In the past the effect of cracks on the generation and development of corrosion in reinforced concrete has been analysed. Some state that not the crack width, but the total area covered by cracks next to the surface of the steel bar plays an important role for corrosion to occur [MET-82]. Others show that cracks in concrete may cause localized chloride ingress and the initiation of rebar corrosion [SAG-98], because these

cracks may open a direct path to the rebar. Further it is reported [FRA-99] that crack widths of less than 0.5 mm affect the development of corrosion, but that this width has not a significant influence at later stages in the corrosion process. Other factors such as environment, quality and thickness of the cover seem more important according to their results. Montes [MON-04] showed, using linear polarization resistance measurements on high performance concrete subjected to a simulated marine environment, that crack conditions (0.25 and 0.5 mm) strongly affect the corrosion process.

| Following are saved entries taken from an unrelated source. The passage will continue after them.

lemma modsSet_antimono: "X \<subseteq> Y \<Longrightarrow> modsSet Y \<subseteq> modsSet X"
  by (auto simp: modsSet_def)

lemma modsSet_Cn [simp]: "modsSet (Cn X) = modsSet X"
  by (auto simp: modsSet_def Cn_def entails_def mods_def)

lemma entails_singleton_iff: "entails {a} b \<longleftrightarrow> mods a \<subseteq> mods b"
  by (simp add: entails_def)

lemma minset_cong:
  "(\<And>w1 w2. w1 \<in> S \<Longrightarrow> w2 \<in> S \<Longrightarrow> le w1 w2 \<longleftrightarrow> le' w1 w2) \<Longrightarrow> minset S le = minset S le'"
  unfolding minset_def by blast

lemma mods_contr_contr:
  fixes Bel :: "'e \<Rightarrow> 'v fm set" and c :: "'e \<Rightarrow> 'v fm \<Rightarrow> 'e"
    and ord :: "'e \<Rightarrow> 'v world \<Rightarrow> 'v world \<Rightarrow> bool"
  assumes rep: "represents Bel c ord"
    and same_min: "minset (- mods b) (ord (c \<Psi> a)) = minset (- mods b) (ord \<Psi>)"
  shows "modsSet (Bel (c (c \<Psi> a) b)) = modsSet (Bel (c \<Psi> b)) \<union> minset (- mods a) (ord \<Psi>)"
  using rep same_min unfolding represents_def by auto

lemma C8_if_CR8:
  fixes Bel :: "'e \<Rightarrow> 'v fm set" and c :: "'e \<Rightarrow> 'v fm \<Rightarrow> 'e"
    and ord :: "'e \<Rightarrow> 'v world \<Rightarrow> 'v world \<Rightarrow> bool"
  assumes rep: "represents Bel c ord" and cr8: "CR8 c ord"
  shows "C8 Bel c"
  unfolding C8_def
proof (intro allI impI)
  fix \<Psi> and a b :: "'v fm" assume "entails {Neg a} b"
  then have sub: "- mods b \<subseteq> mods a" by (auto simp: entails_singleton_iff)
  have "ord (c \<Psi> a) w1 w2 \<longleftrightarrow> ord \<Psi> w1 w2" if "w1 \<in> - mods b" "w2 \<in> - mods b" for w1 w2
    using cr8 sub that unfolding CR8_def by (metis subsetD)
  then have "minset (- mods b) (ord (c \<Psi> a)) = minset (- mods b) (ord \<Psi>)"
    by (rule minset_cong)
  from mods_contr_contr[OF rep this]
  show "alpha_eq a (Bel (c (c \<Psi> a) b)) (Bel (c \<Psi> b))"
    unfolding alpha_eq_def by (auto simp: minset_def)
qed

lemma C9_if_CR9:
  fixes Bel :: "'e \<Rightarrow> 'v fm set" and c :: "'e \<Rightarrow> 'v fm \<Rightarrow> 'e"
    and ord :: "'e \<Rightarrow> 'v world \<Rightarrow> 'v world \<Rightarrow> bool"
  assumes rep: "represents Bel c ord" and cr9: "CR9 c ord"
  shows "C9 Bel c"
  unfolding C9_def
proof (intro allI impI)
  fix \<Psi> and a b :: "'v fm" assume "entails {a} b"
  then have sub: "- mods b \<subseteq> - mods a" by (auto simp: entails_singleton_iff)
  have "ord (c \<Psi> a) w1 w2 \<longleftrightarrow> ord \<Psi> w1 w2" if "w1 \<in> - mods b" "w2 \<in> - mods b" for w1 w2
    using cr9 sub that unfolding CR9_def by (metis mods_Neg subsetD)
  then have "minset (- mods b) (ord (c \<Psi> a)) = minset (- mods b) (ord \<Psi>)"
    by (rule minset_cong)
  from mods_contr_contr[OF rep this]
  have "modsSet (Bel (c (c \<Psi> a) b)) = modsSet (Bel (c \<Psi> b)) \<union> minset (- mods a) (ord \<Psi>)" .
  moreover have "minset (- mods a) (ord \<Psi>) - mods b \<subseteq> modsSet (Bel (c \<Psi> b))"
    using rep sub unfolding represents_def minset_def by auto
  ultimately show "alpha_eq (Neg b) (Bel (c (c \<Psi> a) b)) (Bel (c \<Psi> b))"
    unfolding alpha_eq_def by auto
qed

lemma ex_fm_agreeing_on: "\<exists>a. \<forall>u. sat u a \<longleftrightarrow> (\<forall>p\<in>set ps. u p = w p)"
proof (induction ps)
  case Nil
  show ?case by (rule exI[of _ Top]) simp
next
  case (Cons p ps)
  then obtain a where "\<forall>u. sat u a \<longleftrightarrow> (\<forall>p\<in>set ps. u p = w p)" by blast
  then have "\<forall>u. sat u (Conj (if w p then Var p else Neg (Var p)) a)
      \<longleftrightarrow> (\<forall>q\<in>set (p # ps). u q = w q)"
    by (cases "w p") auto
  then show ?case by blast
qed

lemma ex_fm_mods_singleton: "\<exists>a. mods a = {w :: ('v::finite) world}"
proof -
  obtain ps where ps: "set ps = (UNIV :: 'v set)" using finite_list[OF finite_UNIV] ..
  obtain a where a: "\<forall>u. sat u a \<longleftrightarrow> (\<forall>p\<in>set ps. u p = w p)"
    using ex_fm_agreeing_on ..
  have "sat u a \<longleftrightarrow> u = w" for u using a ps by (simp add: fun_eq_iff)
  then have "mods a = {w}" by (auto simp: mods_def)
  then show ?thesis ..
qed

lemma ex_fm_mods: "\<exists>a. mods a = (S :: ('v::finite) world set)"
  using finite_subset[OF subset_UNIV finite_UNIV, of S]
proof (induction S rule: finite_induct)
  case empty
  have "mods Bot = {}" by (simp add: mods_def)
  then show ?case ..
next
  case (insert w S)
  obtain a where "mods a = S" using insert.IH ..
  moreover obtain b where "mods b = {w}" using ex_fm_mods_singleton ..
  ultimately have "mods (Disj b a) = insert w S" by (auto simp: mods_def)
  then show ?case ..
qed

definition fm_of :: "('v::finite) world set \<Rightarrow> 'v fm" where
  "fm_of S = (SOME a. mods a = S)"

lemma mods_fm_of [simp]: "mods (fm_of S) = S"
  unfolding fm_of_def using ex_fm_mods by (rule someI_ex)

lemma bel_closed_mem_iff: "bel_closed Bel \<Longrightarrow> a \<in> Bel \<Psi> \<longleftrightarrow> modsSet (Bel \<Psi>) \<subseteq> mods a"
  unfolding bel_closed_def by (metis Cn_def entails_def mem_Collect_eq)

lemma bel_closed_subset_iff:
  "bel_closed Bel \<Longrightarrow> Bel \<Psi> \<subseteq> Bel \<Phi> \<longleftrightarrow> modsSet (Bel \<Phi>) \<subseteq> modsSet (Bel \<Psi>)"
  using bel_closed_mem_iff[of Bel] modsSet_antimono by (metis subsetI order_trans)

lemma bel_closed_modsSet_Int:
  fixes Bel :: "'e \<Rightarrow> ('v::finite) fm set"
  assumes "bel_closed Bel"
  shows "modsSet (Bel \<Psi> \<inter> Bel \<Phi>) = modsSet (Bel \<Psi>) \<union> modsSet (Bel \<Phi>)"
proof
  show "modsSet (Bel \<Psi>) \<union> modsSet (Bel \<Phi>) \<subseteq> modsSet (Bel \<Psi> \<inter> Bel \<Phi>)"
    by (intro Un_least modsSet_antimono) auto
  show "modsSet (Bel \<Psi> \<inter> Bel \<Phi>) \<subseteq> modsSet (Bel \<Psi>) \<union> modsSet (Bel \<Phi>)"
  proof (rule subsetI, rule ccontr)
    fix w
    assume w: "w \<in> modsSet (Bel \<Psi> \<inter> Bel \<Phi>)" and "w \<notin> modsSet (Bel \<Psi>) \<union> modsSet (Bel \<Phi>)"
    then have "fm_of (- {w}) \<in> Bel \<Psi> \<inter> Bel \<Phi>"
      using bel_closed_mem_iff[OF assms] by auto
    with w have "w \<in> mods (fm_of (- {w}))" by (auto simp: modsSet_def mods_def)
    then show False by simp
  qed
qed

locale agm_contraction_op =
  fixes Bel :: "'e \<Rightarrow> ('v::finite) fm set" and c :: "'e \<Rightarrow> 'v fm \<Rightarrow> 'e"
  assumes closed: "bel_closed Bel" and agm: "agm_contraction Bel c"
begin

abbreviation bel_mods :: "'e \<Rightarrow> 'v world set" where
  "bel_mods \<Psi> \<equiv> modsSet (Bel \<Psi>)"

lemma mods_contr_inclusion: "bel_mods \<Psi> \<subseteq> bel_mods (c \<Psi> a)"
proof -
  have "Bel (c \<Psi> a) \<subseteq> Bel \<Psi>" using agm unfolding agm_contraction_def by blast
  then show ?thesis using bel_closed_subset_iff[OF closed] by blast
qed

lemma mods_contr_vacuity:
  assumes "bel_mods \<Psi> - mods a \<noteq> {}"
  shows "bel_mods (c \<Psi> a) = bel_mods \<Psi>"
proof -
  have "a \<notin> Bel \<Psi>" using assms bel_closed_mem_iff[OF closed] by blast
  then have "Bel \<Psi> \<subseteq> Bel (c \<Psi> a)" using agm unfolding agm_contraction_def by blast
  then show ?thesis using mods_contr_inclusion bel_closed_subset_iff[OF closed] by blast
qed

lemma mods_contr_success:
  assumes "mods a \<noteq> UNIV"
  shows "bel_mods (c \<Psi> a) - mods a \<noteq> {}"
proof -
  have "\<not> fequiv a Top" using assms by (simp add: fequiv_def)
  then have "a \<notin> Bel (c \<Psi> a)" using agm unfolding agm_contraction_def by blast
  then show ?thesis using bel_closed_mem_iff[OF closed] by blast
qed

lemma mods_contr_recovery: "bel_mods (c \<Psi> a) \<inter> mods a \<subseteq> bel_mods \<Psi>"
proof -
  have "Bel \<Psi> \<subseteq> Cn (Bel (c \<Psi> a) \<union> {a})" using agm unfolding agm_contraction_def by blast
  from modsSet_antimono[OF this] show ?thesis by (simp add: modsSet_insert Int_commute)
qed

lemma mods_contr_extensionality: "mods a = mods b \<Longrightarrow> bel_mods (c \<Psi> a) = bel_mods (c \<Psi> b)"
  using agm unfolding agm_contraction_def fequiv_def by metis

lemma mods_contr_Conj_subset:
  "bel_mods (c \<Psi> (Conj a b)) \<subseteq> bel_mods (c \<Psi> a) \<union> bel_mods (c \<Psi> b)"
proof -
  have "Bel (c \<Psi> a) \<inter> Bel (c \<Psi> b) \<subseteq> Bel (c \<Psi> (Conj a b))"
    using agm unfolding agm_contraction_def by blast
  from modsSet_antimono[OF this] show ?thesis by (simp add: bel_closed_modsSet_Int[OF closed])
qed

lemma mods_contr_Conj_superset:
  assumes "bel_mods (c \<Psi> (Conj a b)) - mods b \<noteq> {}"
  shows "bel_mods (c \<Psi> b) \<subseteq> bel_mods (c \<Psi> (Conj a b))"
proof -
  have "b \<notin> Bel (c \<Psi> (Conj a b))" using assms bel_closed_mem_iff[OF closed] by blast
  then have "Bel (c \<Psi> (Conj a b)) \<subseteq> Bel (c \<Psi> b)" using agm unfolding agm_contraction_def by blast
  then show ?thesis using bel_closed_subset_iff[OF closed] by blast
qed

definition contr_worlds :: "'e \<Rightarrow> 'v world set \<Rightarrow> 'v world set" where
  "contr_worlds \<Psi> S = bel_mods (c \<Psi> (fm_of (- S)))"

lemma mods_contr_eq_contr_worlds: "bel_mods (c \<Psi> a) = contr_worlds \<Psi> (- mods a)"
  unfolding contr_worlds_def by (rule mods_contr_extensionality) simp

lemma contr_worlds_inclusion: "bel_mods \<Psi> \<subseteq> contr_worlds \<Psi> S"
  unfolding contr_worlds_def by (rule mods_contr_inclusion)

Win [WIN-04] investigated the penetration profile of chloride in cracked reinforced concrete and the effect on corrosion. He emphasized the fast transport of chloride ions by water or moisture movement into dry material. In order to investigate this phenomena he performed uptake experiments. Single-cracks and multi-cracks were introduced by using respectively a three-point and a four-point bending test. The initiated crack widths were ranging from 0.1 to 0.5 mm. The liquid uptake fastly reached the top of the sample in all tested samples, except for mixes with low w/c of 0.25. Besides to the capillary suction within the crack, a secondary flow perpendicular to the crack took place (Fig.

2.13). Additionally, a flow along the steel bar was present, because this zone was more porous due to bleeding. The penetration depth around the crack was similar to the penetration depth from the exposed surface, only a slight increase was noticed. This is possible due to the microcracks along the crack surface resulting in a local increased permeability. Although it could be concluded that the quality of concrete has a high influence on the penetration process, also increase in w/c, higher NaCl solutions concentrations and wider cracks led to deeper penetration. Concerning the crack widths however, they all showed more or less the same result, except the crack with a width of 0.5 mm showed a relatively higher penetration. Finally, it was observed that despite the high concentrations of chlorides, no corrosion was observed. Probably this might be due to an insufficient oxygen supply.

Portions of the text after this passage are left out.